Reputation: 11198
I am trying to train a text to speech model in TensorFlow. To generate batches, I'm using bucket_by_sequence_length function.
But, after I get each batch, I need to know the shape of each tensor. The problem is that the tensors come from different sized arrays.
I have tried get_shape().as_list()
and 'tf.shape' but I don't get the shape in runtime. For the temporal dimension, I always get None. But, as I am planning to add a custom layer which needs to know the temporal dimension too, I am getting errors for dimension mismatch.
_, (texts, mels, mags, fnames) = tf.contrib.training.bucket_by_sequence_length(
input_length=text_length,
tensors=[text, mel, mag, fname],
batch_size=hp.B,
bucket_boundaries=[i for i in range(minlen + 1, maxlen - 1, 20)],
num_threads=1,
capacity=hp.B,
dynamic_pad=True)
Each time I get batch size, for the tensors I get the following shape with get_shape().as_list()
(10, None, 156) Here, mel, mag are two tensors with unknown temporal dimension (depends on the audio file length).

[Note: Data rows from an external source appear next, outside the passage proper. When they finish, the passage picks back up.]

lemma riley_pair_relations:
  fixes X Y :: "'a::field m2"
  assumes dX: "m2det X = 1" and dY: "m2det Y = 1" and ts: "t * s = 1"
    and tX: "m2tr X = t + s" and tY: "m2tr Y = t + s" and nc: "\<not> common_eigenvector X Y"
  defines "u \<equiv> m2tr X ^ 2 - 2 - m2tr (m2mul X Y)"
  shows "knot_relation p q X Y \<longleftrightarrow> knot_relation p q (matC t) (matD t u)"
    and "longitude_relation p q k X Y \<longleftrightarrow> longitude_relation p q k (matC t) (matD t u)"
    and "u \<noteq> 0" and "(t - inverse t)^2 - u \<noteq> 0"
proof -
  have "u = t^2 + s^2 - m2tr (m2mul X Y)"
    unfolding u_def tX using ts by (simp add: power2_eq_square algebra_simps)
  then obtain H where H: "m2det H \<noteq> 0" "intertwines H (matC t) X" "intertwines H (matD t u) Y"
    using riley_normal_form[OF dX dY tX tY ts nc] by auto
  show "knot_relation p q X Y \<longleftrightarrow> knot_relation p q (matC t) (matD t u)"
    using knot_relation_intertwines[OF H] by simp
  show "longitude_relation p q k X Y \<longleftrightarrow> longitude_relation p q k (matC t) (matD t u)"
    using longitude_relation_intertwines[OF H] by simp
  have "\<not> common_eigenvector (matC t) (matD t u)"
    using common_eigenvector_intertwines[OF H] nc by blast
  then show "u \<noteq> 0" and "(t - inverse t)^2 - u \<noteq> 0"
    using common_eigenvector_riley_pair by blast+
qed

section \<open>Representations with a common eigenvector\<close>

lemma upper_triangular_m2prod:
  "(\<And>i. i \<in> set xs \<Longrightarrow> m2_c (f i) = 0) \<Longrightarrow>
     m2_c (m2prod f xs) = 0 \<and> m2_a (m2prod f xs) = (\<Prod>i\<leftarrow>xs. m2_a (f i))"
proof (induction xs)
  case Nil
  then show ?case by (simp add: m2id_def)
next
  case (Cons x xs)
  moreover have "m2_c (f x) = 0" using Cons.prems by simp
  ultimately show ?case by (cases "f x"; cases "m2prod f xs") (simp add: m2prod_Cons)
qed

lemma upper_triangular_zpow:
  fixes A :: "'a::field m2"
  assumes "m2_c A = 0" and "m2det A = 1"
  shows "m2_c (m2zpow A k) = 0 \<and> m2_a (m2zpow A k) = m2_a A powi k"
proof -
  obtain a b d where A: "A = M2 a b 0 d" using assms(1) by (cases A) auto
  have "a * d = 1" using assms(2) A by simp
  then show ?thesis using m2zpow_upper_triangular[of a d b k] A by auto
qed

lemma upper_triangular_wordW:
  fixes A B :: "'a::field m2"
  assumes "m2_c A = 0" "m2det A = 1" "m2_c B = 0" "m2det B = 1"
  shows "m2_c (wordW p q A B) = 0
    \<and> m2_a (wordW p q A B) = (\<Prod>i\<leftarrow>[1..p-1]. (if odd i then m2_a A else m2_a B) powi eps p q i)"
proof -
  have "m2_c (wfactor p q A B i) = 0
      \<and> m2_a (wfactor p q A B i) = (if odd i then m2_a A else m2_a B) powi eps p q i" for i
    using assms by (simp add: wfactor_def upper_triangular_zpow)
  then show ?thesis unfolding wordW_m2prod using upper_triangular_m2prod[of _ "wfactor p q A B"] by simp
qed

lemma sigma_eq_sum_list: "sigma p q = (\<Sum>i\<leftarrow>[1..p-1]. eps p q i)"
  unfolding sigma_def by (simp add: sum_set_upto_conv_sum_list_int[symmetric])

lemma prod_list_power_int: "(a::'a::field) \<noteq> 0 \<Longrightarrow> (\<Prod>i\<leftarrow>xs. a powi f i) = a powi (\<Sum>i\<leftarrow>xs. f i)"
  by (induction xs) (simp_all add: power_int_add)

lemma upper_triangular_rep_diag:
  fixes X Y :: "'a::field m2"
  assumes tb: "two_bridge p q"
    and X: "m2_c X = 0" "m2det X = 1" and Y: "m2_c Y = 0" "m2det Y = 1"
    and knot: "knot_relation p q X Y" and lon: "longitude_relation p q k X Y"
  shows "m2_a Y = m2_a X \<and> m2_a X powi (2 * sigma p q + k) = 1"
proof -
  have a0: "m2_a A \<noteq> 0" if "m2_c A = 0" "m2det A = 1" for A :: "'a m2"
    using that by (cases A) auto
  note a0 = a0[OF X] a0[OF Y]
  have ut1: "m2_c (m2mul A B) = 0" if "m2_c A = 0" "m2_c B = 0" for A B :: "'a m2"
    using that by (cases A; cases B) simp
  have ut2: "m2_a (m2mul A B) = m2_a A * m2_a B" if "m2_c A = 0" "m2_c B = 0" for A B :: "'a m2"
    using that by (cases A; cases B) simp
  define w where "w = wordW p q X Y"
  define r where "r = wordW p q Y X"
  have w: "m2_c w = 0" "m2_a w = (\<Prod>i\<leftarrow>[1..p-1]. (if odd i then m2_a X else m2_a Y) powi eps p q i)"
    using upper_triangular_wordW[OF X Y] unfolding w_def by simp_all
  have r: "m2_c r = 0" "m2_a r = (\<Prod>i\<leftarrow>[1..p-1]. (if odd i then m2_a Y else m2_a X) powi eps p q i)"
    using upper_triangular_wordW[OF Y X] unfolding r_def by simp_all
  have "m2_a w \<noteq> 0" unfolding w(2) using a0 by (auto simp: prod_list_zero_iff split: if_splits)
  moreover have "m2_a w * m2_a X = m2_a Y * m2_a w"
    using arg_cong[OF knot, of m2_a] unfolding w_def[symmetric] ut2[OF w(1) X(1)] ut2[OF Y(1) w(1)] .
  ultimately have aY: "m2_a Y = m2_a X" by simp
  have sigma: "(\<Prod>i\<leftarrow>[1..p-1]. m2_a X powi eps p q i) = m2_a X powi sigma p q"
    unfolding sigma_eq_sum_list using a0(1) by (rule prod_list_power_int)
  have "m2_a r * m2_a w * m2_a (m2zpow X k) = 1"
    using arg_cong[OF lon, of m2_a] ut2[OF ut1[OF r(1) w(1)] upper_triangular_zpow[OF X, THEN conjunct1]]
      ut2[OF r(1) w(1)]
    unfolding wordWrev_eq_wordW_swap[OF tb] r_def[symmetric] w_def[symmetric] by (simp add: m2id_def)
  then have "m2_a X powi sigma p q * m2_a X powi sigma p q * m2_a X powi k = 1"
    unfolding r(2) w(2) aY upper_triangular_zpow[OF X, THEN conjunct2] if_cancel sigma .
  then show ?thesis using aY a0 by (simp add: power_int_add[symmetric])
qed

Here, 10 is the batch size, and 156 is the feature size. I also need the exact temporal dimension where I get None
.
tf.shape
returns Tensor("Text2Mel/AudioEnc/strided_slice:0", shape=(), dtype=int32) I don't get anything useful from this too.
How can I infer the exact shape at runtime?
Actual Source which I have modified: https://github.com/Kyubyong/dc_tts/blob/master/data_load.py
Upvotes: 0
Views: 399
Reputation: 1538
I can see that you are using an older version of TensorFlow. The API has since moved to tf.data.experimental
. If you use the tf.data.Dataset
API then you can use the following code to get the size of the tensor.
def _element_length_fn(x, y=None):
return array_ops.shape(x)[0]
Upvotes: 1